Pendekatan ini diklaim memberi kontribusi pada pengembangan berbagai sektor strategis nasional, termasuk industri, kelautan, manufaktur, infrastruktur, logistik, perdagangan dan distribusi, pariwisata, serta transportasi.

Asuransi Jasindo juga menyatakan komitmen pemberian perlindungan di sektor-sektor strategis pada 2025 sebagai bagian dukungan terhadap pertumbuhan ekonomi nasional.

Transformasi Operasional dan Tata Kelola

Perusahaan menggenjot transformasi operasional melalui peningkatan kualitas layanan dan penguatan tata kelola untuk mendukung implementasi RMP.

Upaya yang dilakukan mencakup percepatan proses klaim agar lebih transparan dan akuntabel, pembentukan tim taktis lintas fungsi untuk klaim bernilai besar, serta perbaikan proses bisnis yang berorientasi pada kepuasan pelanggan dan kesehatan portofolio.
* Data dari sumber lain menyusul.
definition int_set :: "'a set \<Rightarrow> ('a \<times> 'a) set \<Rightarrow> 'a node \<Rightarrow> 'a set" where
  "int_set V E N = {j\<in>V. \<exists>x. lp_opt V E N x \<and> x j \<in> {0,1}}"

definition fractional :: "real \<Rightarrow> bool" where
  "fractional r \<longleftrightarrow> 0 < r \<and> r < 1"

text \<open>Product score (ereal: 0 * \<infinity> = 0).\<close>
definition sb_score :: "'a set \<Rightarrow> ('a \<times> 'a) set \<Rightarrow> 'a node \<Rightarrow> 'a \<Rightarrow> ereal" where
  "sb_score V E N j =
     (lp_val V E (N @ [(j,True)]) - lp_val V E N) * (lp_val V E (N @ [(j,False)]) - lp_val V E N)"

definition sb_branch :: "'a set \<Rightarrow> ('a \<times> 'a) set \<Rightarrow> 'a node \<Rightarrow> ('a \<Rightarrow> real) \<Rightarrow> 'a \<Rightarrow> bool" where
  "sb_branch V E N xh v \<longleftrightarrow> v \<in> V \<and> fractional (xh v) \<and>
     (\<forall>j\<in>V. fractional (xh j) \<longrightarrow> sb_score V E N j \<le> sb_score V E N v)"

definition select_node :: "'a set \<Rightarrow> ('a \<times> 'a) set \<Rightarrow> 'a node set \<Rightarrow> 'a node \<Rightarrow> bool" where
  "select_node V E Op N \<longleftrightarrow> N \<in> Op \<and> (\<forall>M\<in>Op. lp_val V E N \<le> lp_val V E M) \<and>
     (\<forall>M\<in>Op. lp_val V E M = lp_val V E N \<longrightarrow> length M \<le> length N)"

text \<open>Reachable states of branch-and-bound: open nodes, incumbent value,
 all created nodes, branching variable of each branched node.\<close>
inductive bb_run :: "'a set \<Rightarrow> ('a \<times> 'a) set \<Rightarrow> 'a node set \<Rightarrow> ereal \<Rightarrow> 'a node set
    \<Rightarrow> ('a node \<Rightarrow> 'a option) \<Rightarrow> bool" for V E where
  init: "bb_run V E {[]} \<infinity> {[]} (\<lambda>_. None)"
| prune: "bb_run V E Op inc Nd br \<Longrightarrow> select_node V E Op N \<Longrightarrow> inc \<le> lp_val V E N
     \<Longrightarrow> bb_run V E (Op - {N}) inc Nd br"
| integral: "bb_run V E Op inc Nd br \<Longrightarrow> select_node V E Op N \<Longrightarrow> lp_val V E N < inc
     \<Longrightarrow> lp_opt V E N xh \<Longrightarrow> (\<forall>v\<in>V. xh v \<in> {0,1})
     \<Longrightarrow> bb_run V E (Op - {N}) (lp_val V E N) Nd br"
| branch: "bb_run V E Op inc Nd br \<Longrightarrow> select_node V E Op N \<Longrightarrow> lp_val V E N < inc
     \<Longrightarrow> lp_opt V E N xh \<Longrightarrow> \<not> (\<forall>v\<in>V. xh v \<in> {0,1}) \<Longrightarrow> sb_branch V E N xh v
     \<Longrightarrow> bb_run V E ((Op - {N}) \<union> {N @ [(v,False)], N @ [(v,True)]}) inc
           (Nd \<union> {N @ [(v,False)], N @ [(v,True)]}) (br(N := Some v))"

end

theory Submission
  imports Defs
begin

text \<open>At every node the vertex cover LP is half-integral: the coordinates outside \<open>{0,1/2,1}\<close> can be
  shifted simultaneously towards or away from \<open>1/2\<close> without leaving the polytope, and one of the two
  directions does not increase the cost. Two half-integral optima merge into one that is integral
  wherever either of them is, so if every variable lies in \<open>I(N)\<close> the LP has an integral optimum and
  its value is at least \<open>OPT\<close>. Hence below \<open>OPT\<close> some \<open>j\<close> lies outside \<open>I(N)\<close>; fixing it either way
  excludes all optima of \<open>N\<close> and, by half-integrality, raises the bound by at least \<open>1/2\<close>, so \<open>j\<close> has
  positive product score. A variable in \<open>I(N)\<close> scores \<open>0\<close>, since one of its children keeps an optimum.
  So strong branching picks some \<open>v \<notin> I(N)\<close>. Finally, in a finished run a node whose bound is below
  \<open>OPT\<close> can have been neither pruned nor solved integrally, so it was branched on.\<close>

section \<open>The LP at a node\<close>

lemma lp_feasD:
  assumes "x \<in> lp_feas V E N"
  shows "\<And>v. v \<in> V \<Longrightarrow> 0 \<le> x v \<and> x v \<le> 1" "\<And>v. v \<notin> V \<Longrightarrow> x v = 0"
    "\<And>u w. (u, w) \<in> E \<Longrightarrow> 1 \<le> x u + x w"
    "\<And>v b. (v, b) \<in> set N \<Longrightarrow> x v = (if b then 1 else 0)"
  using assms unfolding lp_feas_def by auto

text \<open>Outside \<open>V\<close> and at the fixed variables any two feasible points agree on a value in \<open>{0,1}\<close>.\<close>
lemma lp_feasI:
  assumes "x \<in> lp_feas V E N" "z \<in> lp_feas V E N"
    and "\<And>v. v \<in> V \<Longrightarrow> 0 \<le> y v \<and> y v \<le> 1"
    and "\<And>u w. (u, w) \<in> E \<Longrightarrow> 1 \<le> y u + y w"
    and "\<And>v. x v = z v \<Longrightarrow> x v \<in> {0, 1} \<Longrightarrow> y v = x v"
  shows "y \<in> lp_feas V E N"
  using assms lp_feasD[OF assms(1)] lp_feasD[OF assms(2)] unfolding lp_feas_def by fastforce

lemma lp_opt_feas: "lp_opt V E N x \<Longrightarrow> x \<in> lp_feas V E N"
  unfolding lp_opt_def by simp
Di bidang tata kelola, Asuransi Jasindo menekankan penerapan Good Corporate Governance dan penguatan manajemen risiko melalui peningkatan efektivitas pengendalian internal, pengawasan, serta penyempurnaan proses berdasarkan prinsip kehati-hatian.
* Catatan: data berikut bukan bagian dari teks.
definition hlinear_to_antidual ::
  "('a::ab_group_add, 'b) hilb_scheme \<Rightarrow> 'a set \<Rightarrow> ('a \<Rightarrow> 'c \<Rightarrow> complex) \<Rightarrow> bool" where
  "hlinear_to_antidual H D f \<longleftrightarrow> hsubspace H D \<and>
     (\<forall>x\<in>D. \<forall>y\<in>D. f (x + y) = (\<lambda>g. f x g + f y g)) \<and>
     (\<forall>c. \<forall>x\<in>D. f (hsc H c x) = (\<lambda>g. c * f x g))"

definition pair_dual :: "('g1 \<Rightarrow> complex) \<times> ('g2 \<Rightarrow> complex) \<Rightarrow> 'g1 \<times> 'g2 \<Rightarrow> complex" where
  "pair_dual \<phi> g = fst \<phi> (fst g) + snd \<phi> (snd g)"

definition domB1 :: "'x set \<Rightarrow> ('x \<Rightarrow> 'y) \<Rightarrow> 'y set \<Rightarrow> ('y \<times> 'x) set" where
  "domB1 DA A DB = (DB \<inter> A ` DA) \<times> DA"

definition opB1 :: "('x \<Rightarrow> 'y) \<Rightarrow> ('y \<Rightarrow> 'x) \<Rightarrow> 'y \<times> 'x \<Rightarrow> 'y \<times> 'x" where
  "opB1 A B f = (A (snd f), B (fst f))"

definition domAA :: "'x set \<Rightarrow> ('x \<Rightarrow> 'y) \<Rightarrow> 'y set \<Rightarrow> ('x \<times> 'x) set" where
  "domAA DA A DB = {(z1, z2). z1 \<in> DA \<and> z2 \<in> DA \<and> A z1 \<in> DB}"

definition Gamma0 where
  "Gamma0 A Lam1 Pi2 z = (Lam1 (snd z), Pi2 (A (fst z)))"

definition Gamma1 where
  "Gamma1 A Pi1 Lam2 z = ((\<lambda>g. - Pi1 (A (fst z)) g), Lam2 (snd z))"

definition Xi0 where
  "Xi0 Lam1 Pi2 f = (Lam1 (snd f), Pi2 (fst f))"

definition Xi1 where
  "Xi1 Pi1 Lam2 f = ((\<lambda>g. - Pi1 (fst f) g), Lam2 (snd f))"

end

theory Submission
  imports Defs
begin

text \<open>Since A is closed and bounded below, ran A is complete, so every v in dom B splits as
  v = A x0 + u with u orthogonal to ran A. Then u lies in dom A* \<subseteq> dom B with B u = - A* u = 0,
  and Green's identity for (A, B) reduces to \<Pi>1 u (\<Lambda>1 x) = cnj (\<Lambda>2 x (\<Pi>2 u)) for all x in dom A;
  as \<Lambda> is onto, \<Pi> u = 0. So \<Pi> already maps dom B \<inter> ran A onto G1* \<times> G2, which makes
  (\<Xi>0, \<Xi>1) surjective. The abstract Green identity for \<B>1 is Green's identity for (A, B)
  applied to the pairs (v, w') and (v', w).\<close>

abbreviation hcauchy :: "('a::ab_group_add, 'b) hilb_scheme \<Rightarrow> (nat \<Rightarrow> 'a) \<Rightarrow> bool" where
  "hcauchy H s \<equiv> \<forall>e>0. \<exists>N. \<forall>m\<ge>N. \<forall>n\<ge>N. hnorm H (s m - s n) < e"

abbreviation hlimit :: "('a::ab_group_add, 'b) hilb_scheme \<Rightarrow> (nat \<Rightarrow> 'a) \<Rightarrow> 'a \<Rightarrow> bool" where
  "hlimit H s l \<equiv> (\<lambda>n. hnorm H (s n - l)) \<longlonglongrightarrow> 0"

locale complex_hilbert_space =
  fixes H :: "('a::ab_group_add, 'b) hilb_scheme"
  assumes complex_hilbert: "complex_hilbert H"
begin

lemma hsc_add_left: "hsc H (a + b) x = hsc H a x + hsc H b x"
  using complex_hilbert unfolding complex_hilbert_def by meson

lemma hsc_add_right: "hsc H a (x + y) = hsc H a x + hsc H a y"
  using complex_hilbert unfolding complex_hilbert_def by meson

lemma hsc_mult: "hsc H (a * b) x = hsc H a (hsc H b x)"
  using complex_hilbert unfolding complex_hilbert_def by meson

lemma hsc_one [simp]: "hsc H 1 x = x"
  using complex_hilbert unfolding complex_hilbert_def by meson

lemma hip_add_left: "hip H (x + y) z = hip H x z + hip H y z"
  using complex_hilbert unfolding complex_hilbert_def by meson

lemma hip_scale_left: "hip H (hsc H c x) y = c * hip H x y"
  using complex_hilbert unfolding complex_hilbert_def by meson

lemma hip_commute: "hip H y x = cnj (hip H x y)"
  using complex_hilbert unfolding complex_hilbert_def by meson

lemma hip_self_pos: "x \<noteq> 0 \<Longrightarrow> Re (hip H x x) > 0"
  using complex_hilbert unfolding complex_hilbert_def by meson

lemma hcomplete: "hcauchy H s \<Longrightarrow> \<exists>l. hlimit H s l"
  using complex_hilbert unfolding complex_hilbert_def by meson

lemma hsc_minus_one [simp]: "hsc H (- 1) x = - x"
proof -
  have "hsc H (- 1) x + x = 0"
    using hsc_add_left[of "- 1" 1 x] hsc_add_left[of 0 0 x] by simp
  then show ?thesis by (simp add: eq_neg_iff_add_eq_0)
qed

lemma hsc_diff_right: "hsc H a (x - y) = hsc H a x - hsc H a y"
proof -
  have "hsc H a (x - y) + hsc H a y = hsc H a x"
    by (metis diff_add_cancel hsc_add_right)
  then show ?thesis by (simp add: eq_diff_eq)
qed

lemma hip_zero_left [simp]: "hip H 0 y = 0"
  using hip_add_left[of 0 0 y] by simp

lemma hip_diff_left: "hip H (x - y) z = hip H x z - hip H y z"
  by (metis diff_add_cancel eq_diff_eq hip_add_left)

lemma hip_add_right: "hip H x (y + z) = hip H x y + hip H x z"
  by (metis hip_commute hip_add_left complex_cnj_add)

lemma hip_scale_right: "hip H x (hsc H c y) = cnj c * hip H x y"
  by (metis hip_commute hip_scale_left complex_cnj_mult)

lemma hip_zero_right [simp]: "hip H x 0 = 0"
  by (metis hip_commute hip_zero_left complex_cnj_zero)

lemma hip_diff_right: "hip H x (y - z) = hip H x y - hip H x z"
  by (metis hip_commute hip_diff_left complex_cnj_diff)

lemma hip_self_nonneg: "0 \<le> Re (hip H x x)"
  using hip_self_pos[of x] by (cases "x = 0") (simp_all add: less_imp_le)

lemma hnorm_nonneg: "0 \<le> hnorm H x"
  by (simp add: hnorm_def hip_self_nonneg)

lemma hnorm_sq: "(hnorm H x)\<^sup>2 = Re (hip H x x)"
  by (simp add: hnorm_def hip_self_nonneg)

lemma hnorm_eq_0_iff [simp]: "hnorm H x = 0 \<longleftrightarrow> x = 0"
  using hip_self_pos[of x] by (cases "x = 0") (auto simp: hnorm_def)

lemma hnorm_sq_add: "(hnorm H (x + y))\<^sup>2 = (hnorm H x)\<^sup>2 + (hnorm H y)\<^sup>2 + 2 * Re (hip H x y)"
  by (simp add: hnorm_sq hip_add_left hip_add_right hip_commute[of y x])

lemma hnorm_sq_diff: "(hnorm H (x - y))\<^sup>2 = (hnorm H x)\<^sup>2 + (hnorm H y)\<^sup>2 - 2 * Re (hip H x y)"
  by (simp add: hnorm_sq hip_diff_left hip_diff_right hip_commute[of y x])

lemma hnorm_scale: "hnorm H (hsc H c x) = cmod c * hnorm H x"
proof -
  have "hip H (hsc H c x) (hsc H c x) = (c * cnj c) * hip H x x"
    by (simp add: hip_scale_left hip_scale_right)
  also have "c * cnj c = of_real ((cmod c)\<^sup>2)"
    by (simp only: complex_norm_square)
  finally show ?thesis by (simp add: hnorm_def real_sqrt_mult)
qed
Perusahaan menyatakan bahwa rekomendasi dari regulator dan pemangku kepentingan ditindaklanjuti sebagai bagian dari komitmen perbaikan berkelanjutan.

Kaitan Dengan Agenda Nasional dan Konsolidasi BUMN

Inisiatif Risk Management Partnership dinilai sejalan dengan Asta Cita Presiden dan Wakil Presiden, khususnya dalam memperkuat sektor strategis, meningkatkan perlindungan bagi dunia usaha, serta mendorong literasi dan budaya sadar risiko.
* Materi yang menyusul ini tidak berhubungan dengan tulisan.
lemma bij_betw_Union_orbits_funpow:
  "bij_betw Union ((\<lambda>Q. orbits Q (g ^^ m)) ` orbits I g) (orbits I g)"
  by (rule bij_betw_byWitness[where f' = "\<lambda>Q. orbits Q (g ^^ m)"])
    (auto simp: Union_orbits_funpow)

lemma funpow_funpow_eq_id:
  assumes "g ^^ n = id"
  shows "(g ^^ m) ^^ n = id"
  by (metis assms id_funpow funpow_mult mult.commute)

lemma sum_orbit_of_split:
  assumes "g ^^ n = id" "0 < n" "finite (orbit_of g i)"
  shows "sum h (orbit_of g i) = (\<Sum>\<gamma>\<in>orbits (orbit_of g i) (g ^^ m). sum h \<gamma>)"
proof -
  let ?P = "orbits (orbit_of g i) (g ^^ m)"
  have "\<forall>\<gamma>\<in>?P. finite \<gamma>"
    using assms(3) Union_orbits_orbit_of[of g i m] by (metis Union_upper finite_subset)
  moreover have "\<forall>\<gamma>\<in>?P. \<forall>\<gamma>'\<in>?P. \<gamma> \<noteq> \<gamma>' \<longrightarrow> \<gamma> \<inter> \<gamma>' = {}"
    using pairwise_disjnt_orbits[OF funpow_funpow_eq_id[OF assms(1)] assms(2)]
    unfolding pairwise_def disjnt_def by blast
  ultimately show ?thesis
    using sum.Union_disjoint[of ?P h] Union_orbits_orbit_of[of g i m] by simp
qed

lemma card_orbit_of_eq_mult:
  assumes "inj g" "g ^^ n = id" "0 < n" "finite (orbit_of g i)"
  shows "card (orbit_of g i)
    = card (orbits (orbit_of g i) (g ^^ m)) * card (orbit_of (g ^^ m) i)"
proof -
  let ?P = "orbits (orbit_of g i) (g ^^ m)"
  have card_suborbit: "card \<gamma> = card (orbit_of (g ^^ m) i)" if \<gamma>: "\<gamma> \<in> ?P" for \<gamma>
  proof -
    obtain k where "\<gamma> = orbit_of (g ^^ m) ((g ^^ k) i)"
      using \<gamma> unfolding orbits_def orbit_of_def[of g] by blast
    then have "\<gamma> = (g ^^ k) ` orbit_of (g ^^ m) i"
      by (simp add: image_funpow_orbit_of_funpow)
    then show ?thesis by (simp add: card_image inj_on_subset[OF inj_fn[OF assms(1)]])
  qed
  have "card (orbit_of g i) = (\<Sum>\<gamma>\<in>?P. card \<gamma>)"
    using sum_orbit_of_split[OF assms(2-4), of "\<lambda>_. 1::nat" m] by simp
  also have "\<dots> = card ?P * card (orbit_of (g ^^ m) i)"
    using card_suborbit by simp
  finally show ?thesis .
qed

lemma diag_eq_on_orbit_of:
  assumes "g ` I \<subseteq> I" "\<forall>x\<in>I. \<forall>y\<in>I. B (g x) (g y) = B x y" "i \<in> I" "j \<in> orbit_of g i"
  shows "B j j = B i i"
proof -
  have "(g ^^ k) i \<in> I \<and> B ((g ^^ k) i) ((g ^^ k) i) = B i i" for k
    using assms(1-3) by (induction k) auto
  then show ?thesis using assms(4) unfolding orbit_of_def by blast
qed

lemma induced_form_self_const_diag:
  assumes "i \<in> \<eta>" "\<forall>x\<in>\<eta>. B x x = B i i"
  shows "induced_form B \<eta> \<eta> = B i i * int (card \<eta>)"
proof -
  have "(SOME x. x \<in> \<eta>) \<in> \<eta>" using assms(1) by (rule someI)
  then show ?thesis using assms(2) by (simp add: induced_form_def)
qed

lemma induced_form_induced_form_Union:
  assumes "finite (\<Union>P)" "finite (\<Union>P')" "pairwise disjnt P" "pairwise disjnt P'"
    and "P \<noteq> {}" "{} \<notin> P" "\<Union>P \<inter> \<Union>P' = {}"
  shows "induced_form (induced_form B) P P' = induced_form B (\<Union>P) (\<Union>P')"
proof -
  have neq: "\<gamma> \<noteq> \<gamma>'" if "\<gamma> \<in> P" "\<gamma>' \<in> P'" for \<gamma> \<gamma>'
  proof
    assume "\<gamma> = \<gamma>'"
    then have "\<gamma> \<subseteq> \<Union>P \<inter> \<Union>P'" using that by blast
    then show False using that(1) assms(6,7) by auto
  qed
  have "\<Union>P \<noteq> {}" using assms(5,6) by (metis Union_empty_conv all_not_in_conv)
  then have "\<Union>P \<noteq> \<Union>P'" using assms(7) by blast
  then have "P \<noteq> P'" by blast
  have sum_Union: "sum h (\<Union>Q) = (\<Sum>\<gamma>\<in>Q. sum h \<gamma>)"
    if "finite (\<Union>Q)" "pairwise disjnt Q" for Q and h :: "'a \<Rightarrow> int"
  proof -
    have "\<forall>\<gamma>\<in>Q. finite \<gamma>" using that(1) by (meson Union_upper finite_subset)
    then show ?thesis
      using sum.Union_disjoint[of Q h] that(2) by (simp add: pairwise_def disjnt_def)
  qed
  have "induced_form (induced_form B) P P' = (\<Sum>\<gamma>\<in>P. \<Sum>\<gamma>'\<in>P'. \<Sum>x\<in>\<gamma>. \<Sum>y\<in>\<gamma>'. B x y)"
    using \<open>P \<noteq> P'\<close> neq by (simp add: induced_form_def)
  also have "\<dots> = (\<Sum>\<gamma>\<in>P. \<Sum>x\<in>\<gamma>. \<Sum>\<gamma>'\<in>P'. \<Sum>y\<in>\<gamma>'. B x y)"
    by (rule sum.cong[OF refl], rule sum.swap)
  also have "\<dots> = (\<Sum>x\<in>\<Union>P. \<Sum>y\<in>\<Union>P'. B x y)"
    by (simp add: sum_Union assms(1-4))
  also have "\<dots> = induced_form B (\<Union>P) (\<Union>P')"
    using \<open>\<Union>P \<noteq> \<Union>P'\<close> by (simp add: induced_form_def)
  finally show ?thesis .
qed

lemma induced_form_orbits_funpow_self:
  assumes "finite I" "diagram_aut I B g" "g ^^ n = id" "0 < n" "Q \<in> orbits I g"
  shows "induced_form (induced_form B) (orbits Q (g ^^ m)) (orbits Q (g ^^ m))
    = induced_form B Q Q"
proof -
  have gI: "g ` I \<subseteq> I" "inj g" and inv: "\<forall>x\<in>I. \<forall>y\<in>I. B (g x) (g y) = B x y"
    using assms(2) permutes_image permutes_inj unfolding diagram_aut_def by auto
  obtain i where i: "i \<in> I" "Q = orbit_of g i" using assms(5) unfolding orbits_def by blast
  let ?P = "orbits Q (g ^^ m)"
  \<comment> \<open>the outer form is evaluated at a SOME-chosen suborbit; rebase Q at a point j of it\<close>
  define \<gamma> where "\<gamma> = (SOME \<gamma>. \<gamma> \<in> ?P)"
  have "\<gamma> \<in> ?P"
    unfolding \<gamma>_def some_in_eq using i(2) orbit_of_self[of i g] unfolding orbits_def by blast
  then obtain j where j: "j \<in> Q" "\<gamma> = orbit_of (g ^^ m) j" unfolding orbits_def by blast
  have Qj: "Q = orbit_of g j" using orbit_of_eq[OF assms(3,4)] i j(1) by blast
  have "j \<in> I" using j(1) i orbit_of_subset[OF gI(1)] by blast
  then have diag: "\<forall>x\<in>Q. B x x = B j j"
    using diag_eq_on_orbit_of[OF gI(1) inv] Qj by blast
  have "\<gamma> \<subseteq> Q" using j(2) orbit_of_funpow_subset[of m g j] Qj by blast
  then have "\<forall>x\<in>\<gamma>. B x x = B j j" using diag by blast
  moreover have "j \<in> \<gamma>" unfolding j(2) by (rule orbit_of_self)
  ultimately have "induced_form B \<gamma> \<gamma> = B j j * int (card \<gamma>)"
    by (intro induced_form_self_const_diag)
  then have "induced_form (induced_form B) ?P ?P = B j j * int (card \<gamma> * card ?P)"
    using \<gamma>_def by (simp add: induced_form_def[of "induced_form B"])
  also have "\<dots> = B j j * int (card Q)"
    using card_orbit_of_eq_mult[OF gI(2) assms(3,4), of j m]
      orbits_finite[OF assms(1) gI(1) assms(5)] Qj j(2)
    by (simp add: mult.commute)
  also have "\<dots> = induced_form B Q Q"
    using induced_form_self_const_diag[of j Q B, OF j(1) diag] by simp
  finally show ?thesis .
qed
Penguatan kapabilitas manajemen risiko juga disebut menjadi modal strategis Asuransi Jasindo dalam mendukung agenda konsolidasi BUMN sektor asuransi yang diinisiasi Danantara Indonesia.

Sebagai bagian dari Indonesia Financial Group (IFG), Asuransi Jasindo menyatakan komitmen memperkuat fondasi bisnis, meningkatkan layanan, dan menghadirkan solusi manajemen risiko adaptif untuk mendukung ekosistem asuransi nasional yang lebih kuat dan kompetitif.

“Kepercayaan merupakan aset terpenting dalam industri asuransi. Karena itu, kami akan terus memperkuat kualitas layanan, tata kelola perusahaan, dan kapabilitas manajemen risiko agar dapat memberikan perlindungan yang lebih bernilai bagi masyarakat dan dunia usaha,” kata Brellian.

Brellian menambahkan bahwa dengan Risk Management Partnership, Asuransi Jasindo optimistis dapat menjadi mitra strategis yang tidak hanya melindungi aset, tetapi juga memperkuat ketahanan bisnis dan mendukung pembangunan ekonomi nasional, termasuk melalui penguatan ekosistem BUMN asuransi bersama Danantara Indonesia.